Depending on my attempts, what seems to me to give more encouraging results is the reduction of the image area, followed by the application of the Canny edge detector.
But there’s still a lot of what I think you might call noise. If I can eliminate those many small white "spots" (noise), I would be practically only with the shapes (edges) of the branches of the plant as intended.
What’s the best way to do that?
Code:
import numpy as np
import cv2
imagem = cv2.imread("tomat.jpg")
print(imagem.shape)
for y in range(0, 360):
for x in range(0, 120):
imagem[y, x] = (0,0,0)
for y in range(0, 360):
for x in range(250, 480):
imagem[y, x] = (0,0,0)
gris = cv2.cvtColor(imagem, cv2.COLOR_BGR2GRAY)

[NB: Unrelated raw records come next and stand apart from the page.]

(* Let $N\ge 2$, $a\in\mathbb{R}$, $\alpha\in(0,1]$, and let $P\in\mathbb{R}^{N\times N}$ be a symmetric, doubly stochastic matrix with nonnegative entries whose eigenvalues satisfy $-1<\lambda_N(P)\le\dots\le\lambda_2(P)<\lambda_1(P)=1$. Let $x_{t+1}=ax_t+r_t$ and $y_{i,t}=x_t+w_{i,t}$ ($i=1,\dots,N$), where $x_0$ is an independent finite random variable, the innovations $r_t$ are zero mean, independent over time with variance $\sigma_r^2$, the observation noises $w_{i,t}$ are zero mean with variance $\sigma_w^2$, independent over time and across agents, and uncorrelated with the innovations. Define the estimates $$\hat{x}_{i,t+1}=a\Big(\sum_{j=1}^N p_{ij}\hat{x}_{j,t}+\alpha(y_{i,t}-\hat{x}_{i,t})\Big),\qquad \tilde{x}_{i,t+1}=a\Big(\sum_{j=1}^N p_{ij}\tilde{x}_{j,t}+\alpha\Big(\sum_{j=1}^N p_{ij}y_{j,t}-\tilde{x}_{i,t}\Big)\Big),$$ error vectors $\hat{\xi}_t=(\hat{x}_{i,t}-x_t)_{i=1}^N$, $\tilde{\xi}_t=(\tilde{x}_{i,t}-x_t)_{i=1}^N$, and $Q=a(P-\alpha I_N)$. Suppose the spectral radius satisfies $\rho(Q)<1$. Let $\hat{\Sigma}=\lim_{t\to\infty}\mathbb{E}[\hat{\xi}_t\hat{\xi}_t^{\mathsf T}]$, $\tilde{\Sigma}=\lim_{t\to\infty}\mathbb{E}[\tilde{\xi}_t\tilde{\xi}_t^{\mathsf T}]$, $\hat{\mathrm{MSD}}(P,\alpha)=\frac1N\mathrm{Tr}(\hat{\Sigma})$ and $\tilde{\mathrm{MSD}}(P,\alpha)=\frac1N\mathrm{Tr}(\tilde{\Sigma})$. Then $$\hat{\mathrm{MSD}}(P,\alpha)=R_{MSD}(\alpha)+\frac1N\sum_{i=1}^N\frac{a^2\alpha^2\sigma_w^2}{1-a^2(\lambda_i(P)-\alpha)^2},\qquad \tilde{\mathrm{MSD}}(P,\alpha)=R_{MSD}(\alpha)+\frac1N\sum_{i=1}^N\frac{a^2\alpha^2\sigma_w^2\lambda_i^2(P)}{1-a^2(\lambda_i(P)-\alpha)^2},$$ where $R_{MSD}(\alpha)=\dfrac{\sigma_r^2}{1-a^2(1-\alpha)^2}$.
   Context: $\lambda_i(P)$ denote the eigenvalues of $P$; MSD stands for steady-state mean square deviation per agent. *)

theory Defs
  imports "HOL-Probability.Probability" "Jordan_Normal_Form.Spectral_Radius"
begin

primrec state :: "real \<Rightarrow> ('w \<Rightarrow> real) \<Rightarrow> (nat \<Rightarrow> 'w \<Rightarrow> real) \<Rightarrow> nat \<Rightarrow> 'w \<Rightarrow> real" where
  "state a x0 r 0 = x0"
| "state a x0 r (Suc t) = (\<lambda>\<omega>. a * state a x0 r t \<omega> + r t \<omega>)"

definition obs :: "real \<Rightarrow> ('w \<Rightarrow> real) \<Rightarrow> (nat \<Rightarrow> 'w \<Rightarrow> real) \<Rightarrow> (nat \<Rightarrow> nat \<Rightarrow> 'w \<Rightarrow> real)
    \<Rightarrow> nat \<Rightarrow> nat \<Rightarrow> 'w \<Rightarrow> real" where
  "obs a x0 r w i t = (\<lambda>\<omega>. state a x0 r t \<omega> + w i t \<omega>)"

text \<open>First estimator (hat): agents indexed 0..N-1, initial estimates xh0 (deterministic).
  Arguments: N, P, a, alpha, observation process y, initial estimates.\<close>
primrec est_hat :: "nat \<Rightarrow> real mat \<Rightarrow> real \<Rightarrow> real \<Rightarrow> (nat \<Rightarrow> nat \<Rightarrow> 'w \<Rightarrow> real)
    \<Rightarrow> (nat \<Rightarrow> real) \<Rightarrow> nat \<Rightarrow> nat \<Rightarrow> 'w \<Rightarrow> real" where
  "est_hat N P a \<alpha> y xh0 0 = (\<lambda>i \<omega>. xh0 i)"
| "est_hat N P a \<alpha> y xh0 (Suc t) = (\<lambda>i \<omega>.
     a * ((\<Sum>j<N. P $$ (i, j) * est_hat N P a \<alpha> y xh0 t j \<omega>)
          + \<alpha> * (y i t \<omega> - est_hat N P a \<alpha> y xh0 t i \<omega>)))"

primrec est_tilde :: "nat \<Rightarrow> real mat \<Rightarrow> real \<Rightarrow> real \<Rightarrow> (nat \<Rightarrow> nat \<Rightarrow> 'w \<Rightarrow> real)
    \<Rightarrow> (nat \<Rightarrow> real) \<Rightarrow> nat \<Rightarrow> nat \<Rightarrow> 'w \<Rightarrow> real" where
  "est_tilde N P a \<alpha> y xt0 0 = (\<lambda>i \<omega>. xt0 i)"
| "est_tilde N P a \<alpha> y xt0 (Suc t) = (\<lambda>i \<omega>.
     a * ((\<Sum>j<N. P $$ (i, j) * est_tilde N P a \<alpha> y xt0 t j \<omega>)
          + \<alpha> * ((\<Sum>j<N. P $$ (i, j) * y j t \<omega>) - est_tilde N P a \<alpha> y xt0 t i \<omega>)))"

definition sym_doubly_stochastic :: "nat \<Rightarrow> real mat \<Rightarrow> bool" where
  "sym_doubly_stochastic N P \<longleftrightarrow> P \<in> carrier_mat N N \<and> transpose_mat P = P
     \<and> (\<forall>i<N. \<forall>j<N. P $$ (i, j) \<ge> 0)
     \<and> (\<forall>i<N. (\<Sum>j<N. P $$ (i, j)) = 1)
     \<and> (\<forall>j<N. (\<Sum>i<N. P $$ (i, j)) = 1)"

text \<open>lam 0 \<ge> lam 1 \<ge> ... \<ge> lam (N-1) are the eigenvalues of P counted with multiplicity
  (lambda_{i+1}(P) in the paper is lam i here).\<close>
definition eigenvalues_desc :: "nat \<Rightarrow> real mat \<Rightarrow> (nat \<Rightarrow> real) \<Rightarrow> bool" where
  "eigenvalues_desc N P lam \<longleftrightarrow>
     char_poly P = (\<Prod>i<N. [:- lam i, 1:]) \<and> (\<forall>i j. i \<le> j \<longrightarrow> j < N \<longrightarrow> lam j \<le> lam i)"

end

theory Submission
  imports Defs
begin

text \<open>The estimation errors of both estimators obey a linear recursion
  xi(t+1) = Q xi(t) + a alpha P^l w(t) - r(t) 1 with Q = a (P - alpha I), where l = 0 for the first
  estimator and l = 1 for the second. The noise entering at time t is uncorrelated with xi(t), so the
  error covariance follows the discrete Lyapunov recursion S(t+1) = Q S(t) Q + D with
  D = sigma_w^2 a^2 alpha^2 P^(2l) + sigma_r^2 1 1^T. As P is symmetric, so is Q, and the entries of
  Q^k are bounded by sqrt N rho(Q)^k; hence S(t) converges to the sum of Q^k D Q^k over k.
  Triangularising P (Schur) gives tr (Q^(2k) P^(2l)) = sum of (a (lam i - alpha))^(2k) lam i^(2l),
  while the all-ones part of D contributes N (a (1 - alpha))^(2k), because Q has constant row sums
  a (1 - alpha). Summing the geometric series yields the two formulas.\<close>

section \<open>Traces and triangularisation\<close>

definition mat_trace :: "'a :: comm_semiring_0 mat \<Rightarrow> 'a" where
  "mat_trace A = (\<Sum>i<dim_row A. A $$ (i, i))"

# Aplicar suavizado Gaussiano
gauss = cv2.GaussianBlur(gris, (5,5), 0)
# Detectamos los bordes con Canny
canny = cv2.Canny(gauss, 50, 150)
cv2.imshow("canny", canny)
cv2.waitKey(0)
opencv has a function called
normalize
I use it in facial recognition and solved much of the problem– Jasar Orion
You don’t just want to "eliminate the noise". You need to pass the image through several stages so that at the end, you have in prominence, the characteristics that interest you. The best is to read some theoretical text, or a course on image processing, and in the study you discover the sequence of filters that will be more interesting to apply to get to where you want.
– jsbueno
Alternatively, you can open an image editor with a graphical interface, like GIMP, and see, if through interactive manipulations with multiple filters, you can separate only what interests you- then annotate the steps, and write a script that does this, calling the same filters.